== WORK TO COMPLETE ==
For this exercise, please find the lines in the entries that include the word "have" and copy them.

== GIVEN RECORDS ==
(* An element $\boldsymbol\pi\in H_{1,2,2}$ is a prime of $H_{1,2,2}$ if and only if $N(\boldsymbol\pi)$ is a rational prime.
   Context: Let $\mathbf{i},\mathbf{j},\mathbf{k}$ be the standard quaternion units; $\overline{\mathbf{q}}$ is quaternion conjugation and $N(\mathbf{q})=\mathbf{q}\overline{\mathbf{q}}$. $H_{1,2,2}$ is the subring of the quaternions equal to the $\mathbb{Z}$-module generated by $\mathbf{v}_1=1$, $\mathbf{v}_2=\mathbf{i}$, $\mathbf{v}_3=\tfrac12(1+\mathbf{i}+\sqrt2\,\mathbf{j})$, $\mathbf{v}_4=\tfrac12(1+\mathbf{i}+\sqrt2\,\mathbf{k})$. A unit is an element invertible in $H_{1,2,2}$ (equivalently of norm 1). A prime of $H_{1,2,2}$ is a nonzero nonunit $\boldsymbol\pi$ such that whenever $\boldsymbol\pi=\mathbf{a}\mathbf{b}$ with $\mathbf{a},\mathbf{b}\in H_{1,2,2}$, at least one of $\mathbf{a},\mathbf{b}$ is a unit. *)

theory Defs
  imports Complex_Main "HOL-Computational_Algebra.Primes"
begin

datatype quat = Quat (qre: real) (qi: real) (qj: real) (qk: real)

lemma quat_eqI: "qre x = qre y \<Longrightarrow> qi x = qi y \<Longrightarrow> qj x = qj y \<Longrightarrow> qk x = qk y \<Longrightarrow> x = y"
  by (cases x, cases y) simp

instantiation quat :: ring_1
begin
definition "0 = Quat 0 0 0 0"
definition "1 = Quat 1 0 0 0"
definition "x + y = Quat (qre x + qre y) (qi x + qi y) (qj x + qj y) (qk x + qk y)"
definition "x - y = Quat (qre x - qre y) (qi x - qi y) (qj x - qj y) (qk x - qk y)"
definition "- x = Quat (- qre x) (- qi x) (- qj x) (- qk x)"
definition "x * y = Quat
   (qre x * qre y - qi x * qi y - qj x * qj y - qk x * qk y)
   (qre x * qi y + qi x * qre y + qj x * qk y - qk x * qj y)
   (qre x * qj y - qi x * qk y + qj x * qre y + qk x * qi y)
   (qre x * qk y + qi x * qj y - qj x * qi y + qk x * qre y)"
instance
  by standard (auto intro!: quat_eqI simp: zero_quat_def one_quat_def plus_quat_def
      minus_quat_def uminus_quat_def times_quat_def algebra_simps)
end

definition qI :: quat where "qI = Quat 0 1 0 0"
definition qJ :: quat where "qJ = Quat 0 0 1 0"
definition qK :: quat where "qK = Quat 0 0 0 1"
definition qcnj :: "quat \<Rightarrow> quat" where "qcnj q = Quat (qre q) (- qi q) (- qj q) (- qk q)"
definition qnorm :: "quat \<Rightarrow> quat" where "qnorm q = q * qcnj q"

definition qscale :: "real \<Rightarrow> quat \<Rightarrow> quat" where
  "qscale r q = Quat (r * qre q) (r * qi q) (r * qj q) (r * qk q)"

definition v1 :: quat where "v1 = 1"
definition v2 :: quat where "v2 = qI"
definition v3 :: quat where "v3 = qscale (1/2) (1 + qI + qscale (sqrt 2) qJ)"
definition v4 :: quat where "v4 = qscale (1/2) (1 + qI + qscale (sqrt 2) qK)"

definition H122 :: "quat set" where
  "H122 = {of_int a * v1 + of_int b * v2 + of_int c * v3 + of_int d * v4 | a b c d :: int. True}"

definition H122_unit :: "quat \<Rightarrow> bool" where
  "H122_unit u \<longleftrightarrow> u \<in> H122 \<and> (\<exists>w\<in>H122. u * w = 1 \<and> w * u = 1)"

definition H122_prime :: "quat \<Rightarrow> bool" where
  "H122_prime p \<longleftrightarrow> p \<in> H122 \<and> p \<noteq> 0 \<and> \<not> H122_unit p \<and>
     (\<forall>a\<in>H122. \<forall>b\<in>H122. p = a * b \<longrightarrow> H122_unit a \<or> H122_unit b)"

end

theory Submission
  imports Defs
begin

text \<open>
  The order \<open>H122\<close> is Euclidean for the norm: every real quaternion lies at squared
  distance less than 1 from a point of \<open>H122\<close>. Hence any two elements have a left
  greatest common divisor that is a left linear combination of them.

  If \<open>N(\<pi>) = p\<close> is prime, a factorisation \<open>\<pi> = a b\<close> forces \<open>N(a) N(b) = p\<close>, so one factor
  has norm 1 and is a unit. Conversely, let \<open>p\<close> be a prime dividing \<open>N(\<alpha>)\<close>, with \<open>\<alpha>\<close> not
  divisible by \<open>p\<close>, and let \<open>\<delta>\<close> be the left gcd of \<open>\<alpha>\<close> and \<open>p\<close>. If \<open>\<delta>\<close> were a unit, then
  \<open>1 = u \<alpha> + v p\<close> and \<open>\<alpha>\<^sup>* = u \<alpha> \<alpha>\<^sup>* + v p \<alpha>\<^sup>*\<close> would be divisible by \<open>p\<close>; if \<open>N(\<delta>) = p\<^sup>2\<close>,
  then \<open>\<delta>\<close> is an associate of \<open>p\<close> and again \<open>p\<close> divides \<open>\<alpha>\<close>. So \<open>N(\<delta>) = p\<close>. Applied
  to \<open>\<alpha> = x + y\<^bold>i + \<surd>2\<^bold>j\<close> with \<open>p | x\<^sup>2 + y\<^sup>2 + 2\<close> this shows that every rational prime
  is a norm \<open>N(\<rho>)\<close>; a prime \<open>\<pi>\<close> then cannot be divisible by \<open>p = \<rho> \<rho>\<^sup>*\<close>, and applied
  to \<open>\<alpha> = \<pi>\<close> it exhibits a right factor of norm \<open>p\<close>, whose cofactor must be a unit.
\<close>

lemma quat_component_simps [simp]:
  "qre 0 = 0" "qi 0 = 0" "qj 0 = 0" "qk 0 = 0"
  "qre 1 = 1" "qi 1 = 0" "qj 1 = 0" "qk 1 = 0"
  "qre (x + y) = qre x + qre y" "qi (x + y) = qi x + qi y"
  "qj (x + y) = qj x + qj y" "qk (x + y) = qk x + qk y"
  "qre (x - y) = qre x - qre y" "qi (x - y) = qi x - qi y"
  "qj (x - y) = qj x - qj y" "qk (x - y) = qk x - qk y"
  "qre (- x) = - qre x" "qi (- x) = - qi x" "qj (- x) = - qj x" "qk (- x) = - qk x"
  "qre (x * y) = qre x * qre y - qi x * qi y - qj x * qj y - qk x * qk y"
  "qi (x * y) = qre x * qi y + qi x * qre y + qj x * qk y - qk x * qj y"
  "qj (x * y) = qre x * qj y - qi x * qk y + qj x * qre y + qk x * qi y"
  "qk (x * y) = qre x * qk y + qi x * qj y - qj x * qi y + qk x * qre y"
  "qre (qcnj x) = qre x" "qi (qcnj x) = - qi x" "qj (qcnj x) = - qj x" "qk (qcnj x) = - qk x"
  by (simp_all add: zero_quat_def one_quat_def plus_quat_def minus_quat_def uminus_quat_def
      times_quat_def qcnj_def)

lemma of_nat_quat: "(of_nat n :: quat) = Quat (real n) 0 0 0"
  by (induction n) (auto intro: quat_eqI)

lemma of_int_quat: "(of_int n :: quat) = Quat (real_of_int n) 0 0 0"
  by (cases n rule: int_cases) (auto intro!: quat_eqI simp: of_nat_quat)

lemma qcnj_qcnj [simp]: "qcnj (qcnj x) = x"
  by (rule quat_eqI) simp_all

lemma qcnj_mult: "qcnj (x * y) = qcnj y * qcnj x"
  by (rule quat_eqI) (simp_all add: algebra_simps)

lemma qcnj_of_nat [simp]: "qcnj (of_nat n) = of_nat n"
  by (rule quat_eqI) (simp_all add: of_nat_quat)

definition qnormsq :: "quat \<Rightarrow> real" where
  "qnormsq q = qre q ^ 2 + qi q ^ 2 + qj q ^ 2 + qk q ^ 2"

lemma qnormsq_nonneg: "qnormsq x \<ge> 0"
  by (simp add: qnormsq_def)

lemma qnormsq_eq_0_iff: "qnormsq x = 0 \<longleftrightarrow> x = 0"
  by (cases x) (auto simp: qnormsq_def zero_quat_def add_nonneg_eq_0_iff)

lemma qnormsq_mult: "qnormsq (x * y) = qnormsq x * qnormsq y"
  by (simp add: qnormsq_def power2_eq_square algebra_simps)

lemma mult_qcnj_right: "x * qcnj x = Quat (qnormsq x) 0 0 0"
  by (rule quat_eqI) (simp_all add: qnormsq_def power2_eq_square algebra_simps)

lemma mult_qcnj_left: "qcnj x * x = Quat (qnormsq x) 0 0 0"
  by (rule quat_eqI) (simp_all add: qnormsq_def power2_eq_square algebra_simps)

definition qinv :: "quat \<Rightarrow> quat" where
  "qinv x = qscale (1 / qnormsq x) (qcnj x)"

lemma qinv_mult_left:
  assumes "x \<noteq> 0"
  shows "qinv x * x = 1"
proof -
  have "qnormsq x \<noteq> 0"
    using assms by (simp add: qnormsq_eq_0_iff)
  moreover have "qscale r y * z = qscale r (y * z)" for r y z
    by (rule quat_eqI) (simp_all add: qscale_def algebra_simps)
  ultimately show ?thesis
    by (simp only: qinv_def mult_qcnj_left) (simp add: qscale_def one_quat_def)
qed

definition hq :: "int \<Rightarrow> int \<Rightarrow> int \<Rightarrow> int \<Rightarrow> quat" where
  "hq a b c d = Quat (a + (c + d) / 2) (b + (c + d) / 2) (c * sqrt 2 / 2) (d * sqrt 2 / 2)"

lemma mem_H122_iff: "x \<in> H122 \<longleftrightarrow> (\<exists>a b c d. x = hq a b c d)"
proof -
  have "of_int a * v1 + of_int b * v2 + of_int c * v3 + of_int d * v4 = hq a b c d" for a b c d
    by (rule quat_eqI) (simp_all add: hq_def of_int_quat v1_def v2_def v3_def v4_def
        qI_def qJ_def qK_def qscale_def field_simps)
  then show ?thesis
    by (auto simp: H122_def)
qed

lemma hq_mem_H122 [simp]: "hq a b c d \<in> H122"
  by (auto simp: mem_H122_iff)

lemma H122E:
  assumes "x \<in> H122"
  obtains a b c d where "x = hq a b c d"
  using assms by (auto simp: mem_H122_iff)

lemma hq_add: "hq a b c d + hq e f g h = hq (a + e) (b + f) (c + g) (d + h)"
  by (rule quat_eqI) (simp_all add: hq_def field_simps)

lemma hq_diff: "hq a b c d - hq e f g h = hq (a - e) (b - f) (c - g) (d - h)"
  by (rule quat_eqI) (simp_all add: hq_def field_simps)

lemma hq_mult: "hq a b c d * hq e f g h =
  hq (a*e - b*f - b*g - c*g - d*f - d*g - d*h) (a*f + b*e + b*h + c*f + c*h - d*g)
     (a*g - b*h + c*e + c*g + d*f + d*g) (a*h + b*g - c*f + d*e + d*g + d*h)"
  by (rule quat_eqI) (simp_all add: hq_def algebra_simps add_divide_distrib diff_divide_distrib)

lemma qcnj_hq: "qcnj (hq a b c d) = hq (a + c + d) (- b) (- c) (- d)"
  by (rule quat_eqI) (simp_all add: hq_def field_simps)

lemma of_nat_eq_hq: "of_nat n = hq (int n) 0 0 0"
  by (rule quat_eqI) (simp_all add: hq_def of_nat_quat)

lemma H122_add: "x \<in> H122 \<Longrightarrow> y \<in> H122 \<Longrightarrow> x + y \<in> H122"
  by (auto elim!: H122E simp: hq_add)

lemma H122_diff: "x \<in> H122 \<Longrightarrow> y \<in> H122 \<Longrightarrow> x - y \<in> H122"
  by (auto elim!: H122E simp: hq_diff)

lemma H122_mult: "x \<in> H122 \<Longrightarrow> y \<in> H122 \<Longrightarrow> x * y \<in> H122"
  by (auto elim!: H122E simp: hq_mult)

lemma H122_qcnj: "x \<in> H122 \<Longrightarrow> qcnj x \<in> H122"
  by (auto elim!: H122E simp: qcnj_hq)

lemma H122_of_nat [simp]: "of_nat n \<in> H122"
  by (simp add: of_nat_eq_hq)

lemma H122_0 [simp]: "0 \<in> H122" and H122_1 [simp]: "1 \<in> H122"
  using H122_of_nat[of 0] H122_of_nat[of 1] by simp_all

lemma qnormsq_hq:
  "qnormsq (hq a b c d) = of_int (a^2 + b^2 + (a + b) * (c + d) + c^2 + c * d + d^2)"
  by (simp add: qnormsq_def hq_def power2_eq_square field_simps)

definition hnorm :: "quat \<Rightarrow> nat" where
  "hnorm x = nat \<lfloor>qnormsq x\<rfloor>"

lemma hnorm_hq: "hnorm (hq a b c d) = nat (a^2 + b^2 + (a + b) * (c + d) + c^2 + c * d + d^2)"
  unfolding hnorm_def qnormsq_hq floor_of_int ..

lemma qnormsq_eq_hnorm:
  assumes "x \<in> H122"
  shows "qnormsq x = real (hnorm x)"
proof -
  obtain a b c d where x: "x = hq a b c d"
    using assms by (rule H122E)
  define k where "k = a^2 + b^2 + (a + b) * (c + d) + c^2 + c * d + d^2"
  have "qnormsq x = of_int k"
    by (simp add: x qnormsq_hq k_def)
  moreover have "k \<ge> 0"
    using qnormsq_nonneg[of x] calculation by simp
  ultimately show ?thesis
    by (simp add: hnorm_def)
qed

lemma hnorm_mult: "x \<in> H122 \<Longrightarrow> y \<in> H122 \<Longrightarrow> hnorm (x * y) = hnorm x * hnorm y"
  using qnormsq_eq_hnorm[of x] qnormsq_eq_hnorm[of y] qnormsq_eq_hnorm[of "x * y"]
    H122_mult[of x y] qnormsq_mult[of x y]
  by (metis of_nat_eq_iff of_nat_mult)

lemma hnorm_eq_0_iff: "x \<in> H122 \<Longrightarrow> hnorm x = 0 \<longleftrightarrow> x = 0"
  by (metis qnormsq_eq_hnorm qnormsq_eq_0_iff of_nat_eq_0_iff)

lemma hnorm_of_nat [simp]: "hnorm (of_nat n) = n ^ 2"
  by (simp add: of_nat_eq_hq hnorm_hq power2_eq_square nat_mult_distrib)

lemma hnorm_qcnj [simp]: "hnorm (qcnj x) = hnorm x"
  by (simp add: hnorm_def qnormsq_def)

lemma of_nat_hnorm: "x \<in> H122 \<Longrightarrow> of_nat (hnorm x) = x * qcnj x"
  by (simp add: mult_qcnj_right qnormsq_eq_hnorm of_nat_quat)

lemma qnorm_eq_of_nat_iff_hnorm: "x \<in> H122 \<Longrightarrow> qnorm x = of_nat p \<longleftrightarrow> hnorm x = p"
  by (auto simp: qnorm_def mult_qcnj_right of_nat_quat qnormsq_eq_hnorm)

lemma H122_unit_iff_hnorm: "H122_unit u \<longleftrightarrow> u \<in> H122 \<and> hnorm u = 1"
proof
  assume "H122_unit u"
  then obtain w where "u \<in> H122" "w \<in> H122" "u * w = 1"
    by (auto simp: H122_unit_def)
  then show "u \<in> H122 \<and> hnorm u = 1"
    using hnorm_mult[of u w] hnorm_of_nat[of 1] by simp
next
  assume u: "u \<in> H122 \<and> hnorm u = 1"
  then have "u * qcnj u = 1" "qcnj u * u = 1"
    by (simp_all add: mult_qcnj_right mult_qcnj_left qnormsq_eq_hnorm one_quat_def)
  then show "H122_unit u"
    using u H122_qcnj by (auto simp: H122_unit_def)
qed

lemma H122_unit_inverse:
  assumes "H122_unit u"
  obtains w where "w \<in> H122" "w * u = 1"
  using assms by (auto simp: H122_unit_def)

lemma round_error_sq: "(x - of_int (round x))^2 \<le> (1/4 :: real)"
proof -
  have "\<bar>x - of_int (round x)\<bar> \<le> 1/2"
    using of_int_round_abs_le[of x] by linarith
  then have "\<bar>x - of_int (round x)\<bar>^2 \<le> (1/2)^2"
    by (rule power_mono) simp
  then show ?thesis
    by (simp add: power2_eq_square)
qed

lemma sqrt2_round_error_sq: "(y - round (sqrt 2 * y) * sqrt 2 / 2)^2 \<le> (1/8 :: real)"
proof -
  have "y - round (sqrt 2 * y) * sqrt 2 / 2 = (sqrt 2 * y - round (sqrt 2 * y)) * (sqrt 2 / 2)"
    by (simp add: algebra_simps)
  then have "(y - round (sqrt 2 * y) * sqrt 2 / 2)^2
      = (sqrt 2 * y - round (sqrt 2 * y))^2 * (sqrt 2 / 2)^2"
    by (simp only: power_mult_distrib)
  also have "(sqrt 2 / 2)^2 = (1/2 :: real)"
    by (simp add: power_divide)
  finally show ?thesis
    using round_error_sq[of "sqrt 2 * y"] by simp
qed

== ANSWER TO THIS TASK ==
  distance less than 1 from a point of \<open>H122\<close>. Hence any two elements have a left
  have "qnormsq x \<noteq> 0"
  moreover have "qscale r y * z = qscale r (y * z)" for r y z
  have "of_int a * v1 + of_int b * v2 + of_int c * v3 + of_int d * v4 = hq a b c d" for a b c d
  have "qnormsq x = of_int k"
  moreover have "k \<ge> 0"
  then have "u * qcnj u = 1" "qcnj u * u = 1"
  have "\<bar>x - of_int (round x)\<bar> \<le> 1/2"
  then have "\<bar>x - of_int (round x)\<bar>^2 \<le> (1/2)^2"
  have "y - round (sqrt 2 * y) * sqrt 2 / 2 = (sqrt 2 * y - round (sqrt 2 * y)) * (sqrt 2 / 2)"
  then have "(y - round (sqrt 2 * y) * sqrt 2 / 2)^2
  also have "(sqrt 2 / 2)^2 = (1/2 :: real)"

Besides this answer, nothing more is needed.